8. Make Trees an Enforcement Priority
Trees have long been given low priority in municipal decision-making, and are treated as incidental to new construction, hydro, and infrastructure. Enforcement of tree-related by-laws must be improved to ensure that developers design and build to preserve existing trees whenever possible and create space for the growth of new trees. To do so,

  • Require that tree information be disclosed on building permits so that Forestry Services can consider trees before, not after, the approval of building permits.
  • Rapidly develop a site alteration by-law to avoid unnecessary loss of trees
  • Require that every new subdivision have a care and nurturing plan for the trees to replace those removed during building, and that every homeowner be given a copy of the plan

Immediate Actions

The City needs to create momentum and demonstrate willingness to implement pro-active changes to urban development policies and practices that will better preserve and protect Ottawa’s Urban Forest.

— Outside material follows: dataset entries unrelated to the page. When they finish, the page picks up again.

lemma weighted_derivative_eq_sigma_next:
  assumes b: "b > 0" and G: "derivs_on b G DG"
    and F: "\<And>y. y \<in> {0..b} \<Longrightarrow> F y = complex_of_real (y ^ (r + 1)) * G y"
    and x: "x \<in> {0<..b}"
  shows "gpow r x e * dI b (\<lambda>y. F y / (gpow r y e * complex_of_real (real (r + 1) * y ^ r))) x
    = sigma_next r e G (DG 1) x"
proof -
  have x0: "x > 0" using x by auto
  define N where "N = (of_nat (r + 1) :: complex)"
  have N0: "N \<noteq> 0" unfolding N_def by (metis of_nat_eq_0_iff add_is_0 one_neq_zero)
  have N_pow: "complex_of_real (real (r + 1) * y ^ r) = N * of_real y ^ r" for y
    by (simp add: N_def)
  have gpow_neg: "gpow r y (- e) = inverse (gpow r y e)" for y
    by (simp add: gpow_def powr_minus)
  define h where "h y = of_real y * G y / N * gpow r y (- e)" for y
  have h_eq: "h y = F y / (gpow r y e * complex_of_real (real (r + 1) * y ^ r))"
    if y: "y \<in> {0..b}" "dist y x < x" for y
  proof -
    have y0: "y > 0" using y x0 by (auto simp: dist_real_def)
    then have "gpow r y e \<noteq> 0" by (simp add: gpow_def)
    then show ?thesis
      unfolding h_def gpow_neg F[OF y(1)] N_pow using N0 y0 by (simp add: field_simps)
  qed
  have dh: "(h has_vector_derivative
      (G x + of_real x * DG 1 x) / N * gpow r x (- e)
       + of_real x * G x / N * (of_real (real (r + 1) * x ^ r) * (- e * gpow r x (- e - 1))))
      (at x within {0..b})"
  proof -
    have dG: "(G has_vector_derivative DG 1 x) (at x within {0..b})"
      using has_vector_derivative_transform_within[OF derivs_on_derivative[OF G, of x 0] zero_less_one]
        x derivs_on_0[OF G] by (auto simp: One_nat_def)
    have dgpow: "((\<lambda>y. gpow r y (- e)) has_vector_derivative
        (of_real (real (r + 1) * x ^ r) * (- e * gpow r x (- e - 1)))) (at x within {0..b})"
      using gpow_has_vector_derivative[OF x0] has_vector_derivative_at_within by blast
    show ?thesis unfolding h_def[abs_def]
      by (rule derivative_eq_intros dG dgpow refl | simp)+
  qed
  have dF: "((\<lambda>y. F y / (gpow r y e * complex_of_real (real (r + 1) * y ^ r))) has_vector_derivative
      (G x + of_real x * DG 1 x) / N * gpow r x (- e)
       + of_real x * G x / N * (of_real (real (r + 1) * x ^ r) * (- e * gpow r x (- e - 1))))
      (at x within {0..b})"
    using x by (intro has_vector_derivative_transform_within[OF dh x0]) (auto simp: h_eq)
  have dI_eq: "dI b (\<lambda>y. F y / (gpow r y e * complex_of_real (real (r + 1) * y ^ r))) x
      = (G x + of_real x * DG 1 x) / N * gpow r x (- e)
        + of_real x * G x / N * (of_real (real (r + 1) * x ^ r) * (- e * gpow r x (- e - 1)))"
    unfolding dI_def using vector_derivative_within_closed_interval[OF b _ dF] x by auto
  have "gpow r x e \<noteq> 0" using x0 by (simp add: gpow_def)
  moreover have gpow_pred: "gpow r x (- e - 1) = inverse (gpow r x e) / (of_real x * of_real x ^ r)"
    unfolding gpow_def using powr_diff[of _ "- e" 1] by (simp add: powr_minus)
  ultimately show ?thesis
    unfolding sigma_next_def dI_eq unfolding gpow_pred gpow_neg N_pow N_def[symmetric] using x0 N0
    by (simp add: field_simps)
qed

lemma taylorT_remainder_factor:
  assumes b: "b > 0" and D: "derivs_on b s D"
  obtains G DG where "derivs_on b G DG"
    "\<And>x. x \<in> {0..b} \<Longrightarrow> s x - taylorT r b s x 0 = complex_of_real (x ^ (r + 1)) * G x"
  using taylor_remainder_factor[OF b D, of r] taylorT_eq_sum[OF b D] by auto

lemma Lim_at_right_0_eq:
  fixes P u :: "real \<Rightarrow> complex"
  assumes b: "b > 0" and P: "continuous_on {0..b} P" and u: "\<And>x. x \<in> {0<..b} \<Longrightarrow> u x = P x"
  shows "Lim (at_right 0) u = P 0"
proof -
  have "(P \<longlongrightarrow> P 0) (at 0 within {0..b})"
    using P b unfolding continuous_on_def by simp
  moreover have "eventually (\<lambda>x. x \<in> {0..b} \<longleftrightarrow> x \<in> {0<..}) (at (0::real))"
    unfolding eventually_at using b by (intro exI[of _ b]) (auto simp: dist_real_def)
  ultimately have "(P \<longlongrightarrow> P 0) (at_right 0)"
    by (rule Lim_transform_within_set)
  moreover have "eventually (\<lambda>x. u x = P x) (at_right (0::real))"
    using eventually_at_right_real[OF b] by eventually_elim (auto intro: u)
  ultimately have "(u \<longlongrightarrow> P 0) (at_right 0)"
    using tendsto_cong by blast
  then show ?thesis by (rule tendsto_Lim[rotated]) simp
qed

lemma sigma_hat_Suc_eq_sigma_next:
  assumes b: "b > 0" and G: "derivs_on b G DG"
    and factor: "\<And>x. x \<in> {0..b} \<Longrightarrow>
      sigma_hat r \<nu> b \<phi> k x - taylorT r b (sigma_hat r \<nu> b \<phi> k) x 0 = complex_of_real (x ^ (r + 1)) * G x"
    and x: "x \<in> {0..b}"
  shows "sigma_hat r \<nu> b \<phi> (Suc k) x = sigma_next r (\<nu> + of_nat (Suc k)) G (DG 1) x"
proof -
  define s where "s = sigma_hat r \<nu> b \<phi> k"
  define e where "e = \<nu> + of_nat (Suc k)"
  define u where "u x = gpow r x e * dI b (\<lambda>x. (s x - taylorT r b s x 0)
      / (gpow r x e * complex_of_real (real (r + 1) * x ^ r))) x" for x
  have sigma_Suc: "sigma_hat r \<nu> b \<phi> (Suc k) = (\<lambda>x. if x = 0 then Lim (at_right 0) u else u x)"
    unfolding sigma_hat.simps Let_def u_def s_def e_def ..
  have u: "u x = sigma_next r e G (DG 1) x" if "x \<in> {0<..b}" for x
    unfolding u_def s_def by (rule weighted_derivative_eq_sigma_next[OF b G factor that])
  obtain D where "derivs_on b (sigma_next r e G (DG 1)) D"
    using derivs_on_sigma_next[OF G] .
  then have "Lim (at_right 0) u = sigma_next r e G (DG 1) 0"
    by (intro Lim_at_right_0_eq[OF b derivs_on_continuous_fun] u)
  then show ?thesis using x u unfolding sigma_Suc e_def by auto
qed

lemma sigma_hat_derivs_on:
  assumes b: "b > 0" and \<phi>: "derivs_on b \<phi> D\<^sub>\<phi>"
  shows "\<exists>D. derivs_on b (sigma_hat r \<nu> b \<phi> k) D"
proof (induction k)
  case 0
  then show ?case using \<phi> by auto
next
  case (Suc k)
  then obtain D where "derivs_on b (sigma_hat r \<nu> b \<phi> k) D" by blast
  then obtain G DG where G: "derivs_on b G DG" and factor: "\<And>x. x \<in> {0..b} \<Longrightarrow>
      sigma_hat r \<nu> b \<phi> k x - taylorT r b (sigma_hat r \<nu> b \<phi> k) x 0 = complex_of_real (x ^ (r + 1)) * G x"
    using taylorT_remainder_factor[OF b] by metis
  obtain D' where "derivs_on b (sigma_next r (\<nu> + of_nat (Suc k)) G (DG 1)) D'"
    using derivs_on_sigma_next[OF G] .
  then have "derivs_on b (sigma_hat r \<nu> b \<phi> (Suc k)) D'"
    by (rule derivs_on_cong) (use sigma_hat_Suc_eq_sigma_next[OF b G factor] in auto)
  then show ?case by blast
qed

section \<open>Integration by parts against Bessel functions\<close>

lemma continuous_on_bessel_J: "continuous_on {0<..} (bessel_J \<mu>)"
  by (rule continuous_at_imp_continuous_on)
     (auto intro: has_vector_derivative_continuous bessel_J_has_vector_derivative)

lemma continuous_on_bessel_J_at_0:
  assumes \<mu>: "Re \<mu> > 0"
  shows "continuous_on {0..} (bessel_J \<mu>)"
  unfolding continuous_on_eq_continuous_within
proof
  fix t :: real assume t: "t \<in> {0..}"
  show "continuous (at t within {0..}) (bessel_J \<mu>)"
  proof (cases "t = 0")
    case False
    then have "t > 0" using t by auto
    then show ?thesis
      using has_vector_derivative_continuous[OF bessel_J_has_vector_derivative]
        continuous_at_imp_continuous_at_within by blast
  next
    case True
    obtain K where K: "K \<ge> 0" "\<And>s. 0 < s \<Longrightarrow> s \<le> 1 \<Longrightarrow> cmod (bessel_J \<mu> s) \<le> K * (s/2) powr Re \<mu>"
      using bessel_J_bound_near_0[of 1] by auto
    have "((\<lambda>s. (s/2) powr Re \<mu>) \<longlongrightarrow> 0) (at 0 within {0..})"
    proof (rule tendsto_zero_powrI)
      show "((\<lambda>s::real. s/2) \<longlongrightarrow> 0) (at 0 within {0..})" by (auto intro!: tendsto_eq_intros)
      show "eventually (\<lambda>s::real. 0 \<le> s/2) (at 0 within {0..})"
        unfolding eventually_at by (intro exI[of _ 1]) auto
    qed (use \<mu> in auto)
    moreover have "eventually (\<lambda>s. norm (bessel_J \<mu> s) \<le> norm ((s/2) powr Re \<mu>) * K) (at 0 within {0..})"
    proof -
      have "eventually (\<lambda>s. s \<in> {0..} \<and> s \<noteq> 0 \<and> dist s 0 < 1) (at (0::real) within {0..})"
        unfolding eventually_at by (intro exI[of _ 1]) auto
      then show ?thesis
        by eventually_elim (use K(2) in \<open>auto simp: dist_real_def mult.commute\<close>)
    qed
    ultimately have "(bessel_J \<mu> \<longlongrightarrow> 0) (at 0 within {0..})"
      by (rule tendsto_0_le)
    then show ?thesis using True by (simp add: continuous_within)
  qed
qed

lemma continuous_on_bessel_J_power_pos:
  assumes "\<omega> > 0"
  shows "continuous_on {0<..b} (\<lambda>x. bessel_J \<mu> (\<omega> * x ^ (r + 1)))"
  by (rule continuous_on_compose2[OF continuous_on_bessel_J]) (use assms in \<open>auto intro!: continuous_intros\<close>)

lemma continuous_on_bessel_J_power:
  assumes "Re \<mu> > 0" and "\<omega> > 0"
  shows "continuous_on {0..b} (\<lambda>x. bessel_J \<mu> (\<omega> * x ^ (r + 1)))"
  by (rule continuous_on_compose2[OF continuous_on_bessel_J_at_0[OF assms(1)]])
    (use assms(2) in \<open>auto intro!: continuous_intros\<close>)

text \<open>The integrand is measurable and dominated by a multiple of \<open>x\<^sup>(\<^sup>r\<^sup>+\<^sup>1\<^sup>) \<^sup>R\<^sup>e \<^sup>\<mu>\<close>.\<close>
lemma integrable_bessel_product:
  assumes b: "b > 0" and \<omega>: "\<omega> > 0" and \<mu>: "real (r + 1) * Re \<mu> > -1"
    and \<phi>: "continuous_on {0..b} \<phi>"
  shows "(\<lambda>x. \<phi> x * bessel_J \<mu> (\<omega> * x ^ (r + 1))) integrable_on {0..b}"
proof -
  define a where "a = real (r + 1) * Re \<mu>"
  obtain K where K: "K \<ge> 0"
    "\<And>t. 0 < t \<Longrightarrow> t \<le> \<omega> * b ^ (r + 1) \<Longrightarrow> cmod (bessel_J \<mu> t) \<le> K * (t/2) powr Re \<mu>"
    using bessel_J_bound_near_0[of "\<omega> * b ^ (r + 1)"] b \<omega> by auto
  obtain M where M: "M \<ge> 0" "\<And>x. x \<in> {0..b} \<Longrightarrow> cmod (\<phi> x) \<le> M"
    using continuous_on_compact_bound[OF compact_Icc \<phi>] by blast
  define g where "g x = M * K * (\<omega>/2) powr Re \<mu> * x powr a" for x
  have "g integrable_on {0..b}"
    using has_integral_mult_right[OF has_integral_powr_from_0[of a b], of "M * K * (\<omega>/2) powr Re \<mu>"]
      \<mu> b unfolding g_def a_def integrable_on_def by auto
  then have g: "g integrable_on {0<..b}"
    by (rule integrable_spike_set) (auto intro: negligible_subset[of "{0}"])
  have bound: "norm (\<phi> x * bessel_J \<mu> (\<omega> * x ^ (r + 1))) \<le> g x" if x: "x \<in> {0<..b}" for x
  proof -
    have x0: "x > 0" and xb: "x \<le> b" using x by auto
    have "x ^ (r + 1) \<le> b ^ (r + 1)" using x0 xb by (intro power_mono) auto
    then have "\<omega> * x ^ (r + 1) \<le> \<omega> * b ^ (r + 1)"
      using \<omega> by (intro mult_left_mono) auto
    moreover have "(\<omega> * x ^ (r + 1) / 2) powr Re \<mu> = (\<omega>/2) powr Re \<mu> * (x ^ (r + 1)) powr Re \<mu>"
      using x0 \<omega> by (simp add: powr_mult[symmetric] mult_ac)
    moreover have "(x ^ (r + 1)) powr Re \<mu> = x powr a"
      unfolding a_def powr_realpow[OF x0, symmetric] powr_powr ..
    ultimately have "cmod (bessel_J \<mu> (\<omega> * x ^ (r + 1))) \<le> K * ((\<omega>/2) powr Re \<mu> * x powr a)"
      using K(2)[of "\<omega> * x ^ (r + 1)"] x0 \<omega> by simp
    then have "cmod (\<phi> x) * cmod (bessel_J \<mu> (\<omega> * x ^ (r + 1)))
        \<le> M * (K * ((\<omega>/2) powr Re \<mu> * x powr a))"
      using M x by (intro mult_mono) auto
    then show ?thesis unfolding norm_mult g_def by (simp add: mult_ac)
  qed
  have "(\<lambda>x. \<phi> x * bessel_J \<mu> (\<omega> * x ^ (r + 1))) \<in> borel_measurable (lebesgue_on {0<..b})"
    using continuous_on_subset[OF \<phi> greaterThanAtMost_subseteq_atLeastAtMost_iff[THEN iffD2]]
      continuous_on_bessel_J_power_pos[OF \<omega>, of b \<mu> r]
    by (intro continuous_imp_measurable_on_sets_lebesgue continuous_intros) auto
  from measurable_bounded_by_integrable_imp_integrable[OF this g bound]
  show ?thesis
    by (rule integrable_spike_set) (auto intro: negligible_subset[of "{0}"])
qed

Many of the above elements are immediately actionable and need not to wait for full completion of the Urban Forest Management Plan by City Council.

Reports

Below are the Tree Task Force reports following the numerous consultations held by the City:

November 2015: Input to Phase 1 Consultation

November 2016: Input to Phase 2 Consultation

The Urban Forest Management Plan

Below are the publicly released Urban Forest Management Plan, both draft and final versions:

September 2016: Draft Urban Forest Management Plan

April 2017: Final Urban Forest Management Plan

With the support of thousands of people – over 11,000 of whom signed our urban forest plan petition – Ecology Ottawa called on City officials to develop a strong, updated and publicly accessible Urban Forest Management Plan. The final version of the Urban Forest Management Plan was presented by City Staff on June 20, 2017, at the council’s Environment and Climate Protection Committee. The plan was successfully passed to City Council and approved on June 28th, 2017. This marks the tail end of a long process, and the conclusion to this story is a happy one thanks to the tireless work of so many community groups and concerned residents.

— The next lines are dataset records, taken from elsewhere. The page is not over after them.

lemma lookup_expand:
  assumes "Poly_Mapping.keys f \<subseteq> pairs"
  shows "Poly_Mapping.lookup (expand f) (b, b') = frag_eval (coord_pair b b') f"
  using assms
proof (induction f rule: free_Abelian_group_induct[consumes 1, case_names zero diff frag_of])
  case (diff x y)
  then show ?case by (simp add: expand_diff frag_eval_diff lookup_minus)
qed (auto simp: expand_def lookup_sum_frag_of_pairs finite_coords coord_pair_def coord_def)

lemma keys_expand:
  assumes "Poly_Mapping.keys f \<subseteq> pairs"
  shows "Poly_Mapping.keys (expand f) \<subseteq> pairs"
proof
  fix p assume "p \<in> Poly_Mapping.keys (expand f)"
  then obtain x y where xy: "(x, y) \<in> Poly_Mapping.keys f"
    "p \<in> Poly_Mapping.keys (\<Sum>b\<in>coords x. \<Sum>b'\<in>coords y. frag_of (b, b'))"
    unfolding expand_def by (auto dest!: subsetD[OF keys_frag_extend])
  then have "p \<in> coords x \<times> coords y" using keys_sum_frag_of_pairs by blast
  then show "p \<in> pairs" using xy(1) assms coords_subset_carrier by blast
qed

lemma antisym_diag_in_tensor_kernel_imp_one:
  assumes g: "g \<in> carrier G" and rel: "f - frag_swap f + frag_of (g, g) \<in> tensor_kernel"
  shows "g = \<one>"
proof -
  have "b \<notin> coords g" for b
  proof -
    have "frag_eval (coord_pair b b) (f - frag_swap f + frag_of (g, g)) = coord b g * coord b g"
      by (simp add: frag_eval_add frag_eval_diff frag_eval_swap coord_pair_swap) (simp add: coord_pair_def)
    then show ?thesis
      using even_frag_eval_tensor_kernel[OF bilinear_mod2_coord_pair[of b b] rel] by (auto simp: coord_def)
  qed
  then have "coords g = {}" by blast
  with prod_set_coords[OF g] show ?thesis by simp
qed

lemma antisym_in_tensor_kernel_imp_wedge_kernel:
  assumes f: "Poly_Mapping.keys f \<subseteq> pairs" and rel: "f - frag_swap f \<in> tensor_kernel"
  shows "f \<in> wedge_kernel"
proof -
  have "expand f \<in> wedge_kernel"
  proof (rule antisym_mod2_in_wedge_kernel[OF keys_expand[OF f]])
    fix a a'
    have "Poly_Mapping.lookup (expand f) (a, a') - Poly_Mapping.lookup (expand f) (a', a)
          = frag_eval (coord_pair a a') (f - frag_swap f)"
      by (simp add: lookup_expand[OF f] frag_eval_diff frag_eval_swap coord_pair_swap)
    then show "even (Poly_Mapping.lookup (expand f) (a, a') - Poly_Mapping.lookup (expand f) (a', a))"
      using even_frag_eval_tensor_kernel[OF bilinear_mod2_coord_pair rel] by simp
  qed
  moreover have "f - expand f \<in> wedge_kernel"
    using diff_expand_in_tensor_kernel[OF f] tensor_kernel_subset_wedge_kernel by blast
  ultimately show ?thesis using free_Abelian_subgroup_add[OF subgroup_wedge_kernel] by fastforce
qed

end

context elementary_abelian_2_group
begin

lemma basis_exists: "\<exists>B coords. elementary_abelian_2_group_basis G B coords"
proof -
  obtain B where B: "independent B" and maximal: "\<And>Z. independent Z \<Longrightarrow> B \<subseteq> Z \<Longrightarrow> Z = B"
    using maximal_independent_exists by auto
  have B_carrier: "B \<subseteq> carrier G" using B by (simp add: independent_def)
  define coords where "coords x = (THE S. finite S \<and> S \<subseteq> B \<and> prod_set S = x)" for x
  have coords: "finite (coords x) \<and> coords x \<subseteq> B \<and> prod_set (coords x) = x"
    if "x \<in> carrier G" for x
  proof -
    have "\<exists>!S. finite S \<and> S \<subseteq> B \<and> prod_set S = x"
      using maximal_independent_spans[OF B maximal that] independent_prod_set_inj[OF B] by blast
    then show ?thesis unfolding coords_def by (rule theI')
  qed
  have "coords (x \<otimes> y) = sym_diff (coords x) (coords y)" if "x \<in> carrier G" "y \<in> carrier G" for x y
  proof (rule independent_prod_set_inj[OF B])
    have "prod_set (coords (x \<otimes> y)) = prod_set (coords x) \<otimes> prod_set (coords y)"
      using coords that by simp
    also have "\<dots> = prod_set (sym_diff (coords x) (coords y))"
      by (rule prod_set_sym_diff[symmetric]) (use coords that B_carrier in auto)
    finally show "prod_set (coords (x \<otimes> y)) = prod_set (sym_diff (coords x) (coords y))" .
  qed (use coords that in auto)
  then have "elementary_abelian_2_group_basis G B coords"
    using B_carrier coords by unfold_locales auto
  then show ?thesis by blast
qed

lemma antisym_diag_in_tensor_kernel:
  assumes "Poly_Mapping.keys f \<subseteq> pairs" "g \<in> carrier G"
    and "f - frag_swap f + frag_of (g, g) \<in> tensor_kernel"
  shows "g = \<one>" and "f \<in> wedge_kernel"
proof -
  obtain B coords where "elementary_abelian_2_group_basis G B coords"
    using basis_exists by blast
  then interpret elementary_abelian_2_group_basis G B coords .
  show "g = \<one>" by (rule antisym_diag_in_tensor_kernel_imp_one[OF assms(2,3)])
  then have "f - frag_swap f \<in> tensor_kernel"
    using free_Abelian_subgroup_diff[OF subgroup_tensor_kernel assms(3) one_left_in_tensor_kernel[of \<one>]]
    by simp
  then show "f \<in> wedge_kernel" by (rule antisym_in_tensor_kernel_imp_wedge_kernel[OF assms(1)])
qed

Though this is a huge step forward, we know that a good plan is only half the battle. Ecology Ottawa will continue to work with the City and other community groups over the coming years to ensure that the good intentions outlined in the Urban Forest Management Plan are carried out. One of the possible challenges is ensuring that staff resources remain in place to carry out the plan over the long term.

We would like to thank various people for their hard work on this initiative. Our thanks are extended to all of Ecology Ottawa’s Tree Task Force members. Their work was crucial to the analysis and policy proposals for the draft plan. We would also like to recognize the hours of work put in by our community outreach volunteers throughout the years of this initiative. These individuals were imperative to spread awareness and garner support for the Urban Forest Management Plan. And, most importantly, we would like to thank the citizens of Ottawa for standing up and voicing their concerns for our trees. Your help is invaluable to helping preserve the health of Ottawa’s trees!